Jim and I are grieving the death of  Brian, as so many of you have expressed. I first met Brian in 1968 when Don Clark and I went out to Broken HIll to teach an RS1. There we also met Rob Duffy and Barry Oakley and Rusty Nicholls. Rob was the Presbyterian Minister there, and the other three were part of a team of Ministers of the then Methodist Church.  (In 1977 some of the Presbyterians, most of the Congregationalists and all of the  Methodist  Church in Australia, joined together to become The Uniting Church in Australia.) The Methodist  Church was very strong in Broken HIll, as there were many miners there, who all came from a Methodist background. I witnessed a wonderful spirit amongst the team of ministers and their wives, a most moving experience for me. Later the Robins family came to join us in the Sydney House, and the rest, as ‘ they’ say, is history. The last time we worked alongside Rhonda and Brian was at the Consult in Lorne de L’Acadie, New Brunswick.

 

 

Brian had a laugh like no other, and a deep voice, beautiful to hear as he sang. We miss his humour, and gentle ways of being himself. At this time, we send our special sympathy and sad feelings to dear Rhonda, and Peter, Geoff, Rob and Jenny. Vale, Brian. In peace and love,

          ~~  Isobel, for the while Bishop family

 

My heart is with the family and colleagues as we experience the sorrow of Brian’s death, and the steadfastness to celebrate the great gift of Brian’s life to us all and to history. Grace and Peace
~~  Wanda Holcombe

 

 

Brian’s Witness to the Order

March 9, 2001

Today I am 70 and one of the things I want to do is express my gratitude for the Order.  I am late for this witness on purpose. Actually, my gratitude is to life itself that once long ago when I was headed toward being a pharisee of pharisees, I was stopped in my tracks by a group who knew that there was no messiah and they were it.

 

I remember that at Otford in a pedagogy group led by Joe Mathews, there was I thinking I knew something about being a teacher, with my hair slicked down and parted in the middle, and right there and then Mathews reached across and ruffed up my hair and said, “You don’t even look like a teacher.” It took me a long time to deal with that, but by the grace of God I did deal with it.

 

I remember Kay Hayes calling me into question because Russell Campbell had told me that letters she had written didn’t need to be posted.
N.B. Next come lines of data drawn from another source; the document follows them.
text \<open>Multiplication by \<open>e^{i\<lambda>}\<close> raises degrees by one, so only the top term of the kernel
  leaves the span of the first \<open>n\<close> orthonormal functions.\<close>
lemma lin_comb_shift_cnj_gs_kernel:
  assumes "1 \<le> n"
  shows "lin_comb (gs_poly w) n (\<lambda>m. emode 1 m * cnj (gs_kernel w n l m) - cnj (gs_poly w (n - 1) l)
           * ip w (\<lambda>x. emode 1 x * gs_poly w (n - 1) x) (gs_poly w n) * gs_poly w n m)"
proof -
  obtain n' where n: "n = Suc n'" using assms by (cases n) auto
  let ?Q = "gs_poly w"
  define f where "f = (\<lambda>x. emode 1 x * ?Q n' x)"
  define c where "c = ip w f (?Q n)"
  have shift: "lin_comb emode (Suc (Suc j)) (\<lambda>x. emode 1 x * ?Q j x)" for j
  proof (rule lin_comb_emode_shift)
    show "lin_comb emode (Suc j) (?Q j)"
      unfolding lin_comb_gs_poly_iff[symmetric] by (rule lin_comb_base) simp
  qed
  have "lin_comb ?Q (Suc n) f"
    unfolding f_def lin_comb_gs_poly_iff n by (rule shift)
  then have R: "lin_comb ?Q n (\<lambda>x. f x - c * ?Q n x)"
    unfolding c_def by (rule lin_comb_gs_poly_Suc_residual)
  define H1 where "H1 = (\<lambda>m. \<Sum>j\<in>{..<n'}. cnj (?Q j l) * (emode 1 m * ?Q j m))"
  have H1: "lin_comb ?Q n H1"
    unfolding H1_def lin_comb_gs_poly_iff n
  proof (rule lin_comb_sum)
    show "lin_comb emode (Suc n') (\<lambda>m. emode 1 m * ?Q j m)" if "j \<in> {..<n'}" for j
      using that by (intro lin_comb_mono[OF _ shift]) simp
  qed simp
  have "emode 1 m * cnj (gs_kernel w n l m) = H1 m + cnj (?Q n' l) * f m" for m
    unfolding cnj_gs_kernel n sum.lessThan_Suc distrib_left sum_distrib_left H1_def f_def
    by (simp only: mult.left_commute)
  then have "(\<lambda>m. emode 1 m * cnj (gs_kernel w n l m) - cnj (?Q (n - 1) l)
           * ip w (\<lambda>x. emode 1 x * ?Q (n - 1) x) (?Q n) * ?Q n m)
      = (\<lambda>m. H1 m + cnj (?Q n' l) * (f m - c * ?Q n m))"
    by (simp add: n c_def f_def algebra_simps)
  then show ?thesis by (simp add: lin_comb_add lin_comb_scale H1 R)
qed

lemma integral_shift_gs_kernel:
  assumes "1 \<le> n"
  shows "integral {-pi..pi} (\<lambda>m. (exp (\<i> * of_real l) - exp (\<i> * of_real m))
            * complex_of_real ((cmod (gs_kernel w n l m))\<^sup>2 * w m))
       = cnj (gs_poly w (n - 1) l) * ip w (\<lambda>x. emode 1 x * gs_poly w (n - 1) x) (gs_poly w n)
            * gs_poly w n l"
    (is "_ = ?b * ?c * _")
proof -
  define G where "G = (\<lambda>m. cnj (gs_kernel w n l m))"
  define H where "H = (\<lambda>m. emode 1 m * G m - ?b * ?c * gs_poly w n m)"
  have H: "lin_comb (gs_poly w) n H"
    unfolding H_def G_def by (rule lin_comb_shift_cnj_gs_kernel[OF assms])
  have shift: "\<And>m. emode 1 m * G m = H m + ?b * ?c * gs_poly w n m"
    by (simp add: H_def)
  have G: "lin_comb (gs_poly w) n G"
    unfolding G_def cnj_gs_kernel by (rule lin_comb_sum) (auto intro: lin_comb_base)
  have G_cont: "continuous_on S G" for S
    using G by (rule lin_comb_gs_poly_continuous)
  have H_cont: "continuous_on S H" for S
    using H by (rule lin_comb_gs_poly_continuous)
  have "integral {-pi..pi} (\<lambda>m. (exp (\<i> * of_real l) - exp (\<i> * of_real m))
            * complex_of_real ((cmod (gs_kernel w n l m))\<^sup>2 * w m))
      = ip w (\<lambda>m. emode 1 l * G m - emode 1 m * G m) G"
    unfolding ip_def G_def
    by (intro integral_cong) (simp only: of_real_mult complex_norm_square, simp add: emode_def algebra_simps)
  also have "\<dots> = emode 1 l * ip w G G - ip w (\<lambda>m. emode 1 m * G m) G"
    by (subst ip_diff_left) (auto intro!: continuous_intros G_cont continuous_weight simp: ip_scale_left)
  also have "ip w G G = G l"
    unfolding G_def by (rule gs_kernel_reproducing[OF G[unfolded G_def]])
  also have "ip w (\<lambda>m. emode 1 m * G m) G = ip w H G + ?b * ?c * ip w (gs_poly w n) G"
    unfolding shift
    by (subst ip_add_left)
       (auto intro!: continuous_intros H_cont G_cont continuous_on_gs_poly continuous_weight
         simp: ip_scale_left)
  also have "\<dots> = H l"
    unfolding G_def by (simp add: gs_kernel_reproducing[OF H] ip_gs_poly_cnj_gs_kernel)
  finally show ?thesis using shift[of l] by (simp add: algebra_simps)
qed

text \<open>Cauchy--Schwarz in its AM--GM form, using only that both factors have unit norm.\<close>
lemma norm_ip_shift_gs_poly_le: "cmod (ip w (\<lambda>x. emode 1 x * gs_poly w j x) (gs_poly w k)) \<le> 1"
proof -
  let ?a = "gs_poly w j" and ?q = "gs_poly w k"
  have w0: "\<And>x. x \<in> {-pi..pi} \<Longrightarrow> 0 \<le> w x" using weight_pos by (simp add: less_imp_le)
  have "cmod (ip w (\<lambda>x. emode 1 x * ?a x) ?q) \<le>
      integral {-pi..pi} (\<lambda>x. ((cmod (?a x))\<^sup>2 * w x + (cmod (?q x))\<^sup>2 * w x) / 2)"
    unfolding ip_def
  proof (rule integral_norm_bound_integral)
    show "(\<lambda>x. emode 1 x * ?a x * cnj (?q x) * complex_of_real (w x)) integrable_on {-pi..pi}"
      by (intro integrable_continuous_interval continuous_intros continuous_on_gs_poly continuous_weight)
    show "(\<lambda>x. ((cmod (?a x))\<^sup>2 * w x + (cmod (?q x))\<^sup>2 * w x) / 2) integrable_on {-pi..pi}"
      by (intro integrable_continuous_interval continuous_intros continuous_on_gs_poly continuous_weight) auto
    fix x assume x: "x \<in> {-pi..pi}"
    have "cmod (emode 1 x * ?a x * cnj (?q x) * complex_of_real (w x)) = cmod (?a x) * cmod (?q x) * w x"
      using w0[OF x] by (simp add: norm_mult)
    also have "\<dots> \<le> ((cmod (?a x))\<^sup>2 + (cmod (?q x))\<^sup>2) / 2 * w x"
      using sum_squares_bound[of "cmod (?a x)" "cmod (?q x)"] w0[OF x] by (intro mult_right_mono) simp_all
    finally show "cmod (emode 1 x * ?a x * cnj (?q x) * complex_of_real (w x))
        \<le> ((cmod (?a x))\<^sup>2 * w x + (cmod (?q x))\<^sup>2 * w x) / 2"
      by (simp add: algebra_simps)
  qed
  also have "\<dots> = 1"
    by (simp only: Henstock_Kurzweil_Integration.integral_divide, subst integral_add)
       (auto simp: integral_norm_gs_poly_sq
         intro!: integrable_continuous_interval continuous_intros continuous_on_gs_poly continuous_weight)
  finally show ?thesis .
qed

end

section \<open>The bounds for the Christoffel--Darboux kernel\<close>

lemma norm_diff_unit_sq:
  fixes a b :: complex assumes "cmod a = 1" "cmod b = 1"
  shows "(cmod (a - b))\<^sup>2 = 2 * Re (cnj a * (a - b))"
proof -
  have "(Re a)\<^sup>2 + (Im a)\<^sup>2 = 1" "(Re b)\<^sup>2 + (Im b)\<^sup>2 = 1"
    using assms cmod_power2[of a] cmod_power2[of b] by simp_all
  moreover have "(cmod (a - b))\<^sup>2 = (Re a - Re b)\<^sup>2 + (Im a - Im b)\<^sup>2"
    by (simp add: cmod_power2)
  moreover have "Re (cnj a * (a - b)) = (Re a)\<^sup>2 + (Im a)\<^sup>2 - (Re a * Re b + Im a * Im b)"
    by (simp add: power2_eq_square algebra_simps)
  ultimately show ?thesis by (simp add: power2_diff)
qed

text \<open>On the unit circle \<open>|e^{i\<lambda>} - e^{i\<mu>}|\<^sup>2 = 2 Re (e^{-i\<lambda>} (e^{i\<lambda>} - e^{i\<mu>}))\<close>.\<close>
lemma integral_chord_sq_le:
  fixes k :: "real \<Rightarrow> real"
  assumes k: "continuous_on_circle k"
  shows "integral {-pi..pi} (\<lambda>m. (cmod (exp (\<i> * of_real l) - exp (\<i> * of_real m)))\<^sup>2 * k m)
    \<le> 2 * cmod (integral {-pi..pi} (\<lambda>m. (exp (\<i> * of_real l) - exp (\<i> * of_real m)) * complex_of_real (k m)))"
proof -
  let ?e = "\<lambda>t. exp (\<i> * complex_of_real t)"
  define F where "F = (\<lambda>m. 2 * cnj (?e l) * ((?e l - ?e m) * complex_of_real (k m)))"
  have F: "F integrable_on {-pi..pi}"
    unfolding F_def by (intro integrable_continuous_interval continuous_intros k)
  have "integral {-pi..pi} (\<lambda>m. (cmod (?e l - ?e m))\<^sup>2 * k m) = integral {-pi..pi} (Re \<circ> F)"
    unfolding F_def o_def by (intro integral_cong) (simp add: norm_diff_unit_sq mult_ac)
  also have "\<dots> = Re (integral {-pi..pi} F)"
    by (rule integral_linear[OF F bounded_linear_Re])
  also have "\<dots> \<le> cmod (integral {-pi..pi} F)"
    by (rule complex_Re_le_cmod)
  also have "\<dots> = 2 * cmod (integral {-pi..pi} (\<lambda>m. (?e l - ?e m) * complex_of_real (k m)))"
    unfolding F_def Henstock_Kurzweil_Integration.integral_mult_right by (simp add: norm_mult)
  finally show ?thesis .
qed

text \<open>The last hypothesis covers the junk value \<open>integral S f = 0\<close> for non-integrable \<open>f\<close>.\<close>
lemma integral_le_if_integrable:
  fixes f g :: "real \<Rightarrow> real"
  assumes "g integrable_on S" "\<And>x. x \<in> S \<Longrightarrow> f x \<le> g x" "0 \<le> integral S g"
  shows "integral S f \<le> integral S g"
  using assms integral_le[of f S g] by (cases "f integrable_on S") (auto simp: not_integrable_integral)

lemma integral_superlevel_le:
  fixes f d :: "real \<Rightarrow> real"
  assumes int: "(\<lambda>x. (d x)\<^sup>2 * f x) integrable_on T" and f: "\<And>x. x \<in> T \<Longrightarrow> 0 \<le> f x"
    and \<delta>: "0 < \<delta>"
  shows "integral {x \<in> T. \<delta> < d x} f \<le> \<delta> powr (-2) * integral T (\<lambda>x. (d x)\<^sup>2 * f x)"
proof -
  let ?S = "{x \<in> T. \<delta> < d x}"
  have "?S \<inter> T = ?S" by blast
  then have "integral ?S f = integral T (\<lambda>x. if x \<in> ?S then f x else 0)"
    by (simp only: integral_restrict_Int)
  also have "\<dots> \<le> integral T (\<lambda>x. \<delta> powr (-2) * ((d x)\<^sup>2 * f x))"
  proof (rule integral_le_if_integrable)
    show "(\<lambda>x. \<delta> powr (-2) * ((d x)\<^sup>2 * f x)) integrable_on T"
      using integrable_on_cmult_left[OF int, of "\<delta> powr (-2)"] by simp
    show "(if x \<in> ?S then f x else 0) \<le> \<delta> powr (-2) * ((d x)\<^sup>2 * f x)" if x: "x \<in> T" for x
    proof (cases "x \<in> ?S")
      case True
      then have "\<delta>\<^sup>2 \<le> (d x)\<^sup>2" using \<delta> by (intro power_mono) auto
      then have "1 \<le> \<delta> powr (-2) * (d x)\<^sup>2"
        using \<delta> by (simp add: powr_minus powr_realpow divide_simps)
      from mult_right_mono[OF this f[OF x]] True show ?thesis by (simp add: mult.assoc)
    qed (use f x in simp)
    show "0 \<le> integral T (\<lambda>x. \<delta> powr (-2) * ((d x)\<^sup>2 * f x))"
        using integrable_on_cmult_left[OF int, of "\<delta> powr (-2)"] f by (intro integral_nonneg) auto
  qed
  also have "\<dots> = \<delta> powr (-2) * integral T (\<lambda>x. (d x)\<^sup>2 * f x)"
    by (rule Henstock_Kurzweil_Integration.integral_mult_right)
  finally show ?thesis .
qed

definition wt_sqrt :: "(real \<Rightarrow> real) \<Rightarrow> nat \<Rightarrow> real \<Rightarrow> real" where
  "wt_sqrt V n x = exp (- real n * V (cos x) / 2)"

lemma wt_sqrt_sq: "(wt_sqrt V n x)\<^sup>2 = wt V n x"
  by (simp add: wt_sqrt_def wt_def power2_eq_square exp_add[symmetric])

lemma psi_eq_gs_poly: "psi V n j x = gs_poly (wt V n) j x * complex_of_real (wt_sqrt V n x)"
  by (simp add: psi_def OP_def gs_poly_def wt_sqrt_def)

lemma Kn_eq_gs_kernel:
  "Kn V n l m = complex_of_real (wt_sqrt V n l * wt_sqrt V n m) * gs_kernel (wt V n) n l m"
  by (simp add: Kn_def gs_kernel_def psi_eq_gs_poly sum_distrib_left mult_ac)

lemma continuous_on_V_cos:
  fixes V :: "real \<Rightarrow> real"
  assumes "continuous_on {-1..1} V" shows "continuous_on S (\<lambda>x. V (cos x))"
  by (rule continuous_on_compose2[OF assms]) (auto intro!: continuous_intros)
I learned something about the singeing of a scorching avatar that day, and yet three days later in a witness, obliquely, she pronounced an absolution that grew me up another three inches.

 

I remember learning about Human Development Projects from Stan Gibson even though it meant standing on the mat before Lyn because we had spent money we didn’t have. And I remember three great years in India, dumb, deaf and blind in the face of this radically different culture, and yet alive like I never thought possible.

 

And so I could go on. For methods and images, for collegiality and accountability, for experiences in the Other World and this one, for a rich meditative council, for life and death as we experienced it and continue to do so, and ultimately for the transition in 1988 that left us solitary and yet giants with a passion that does not go away and with the markers all around us of some incredible years of expenditure. O how different it is to be 70 because of all of these things.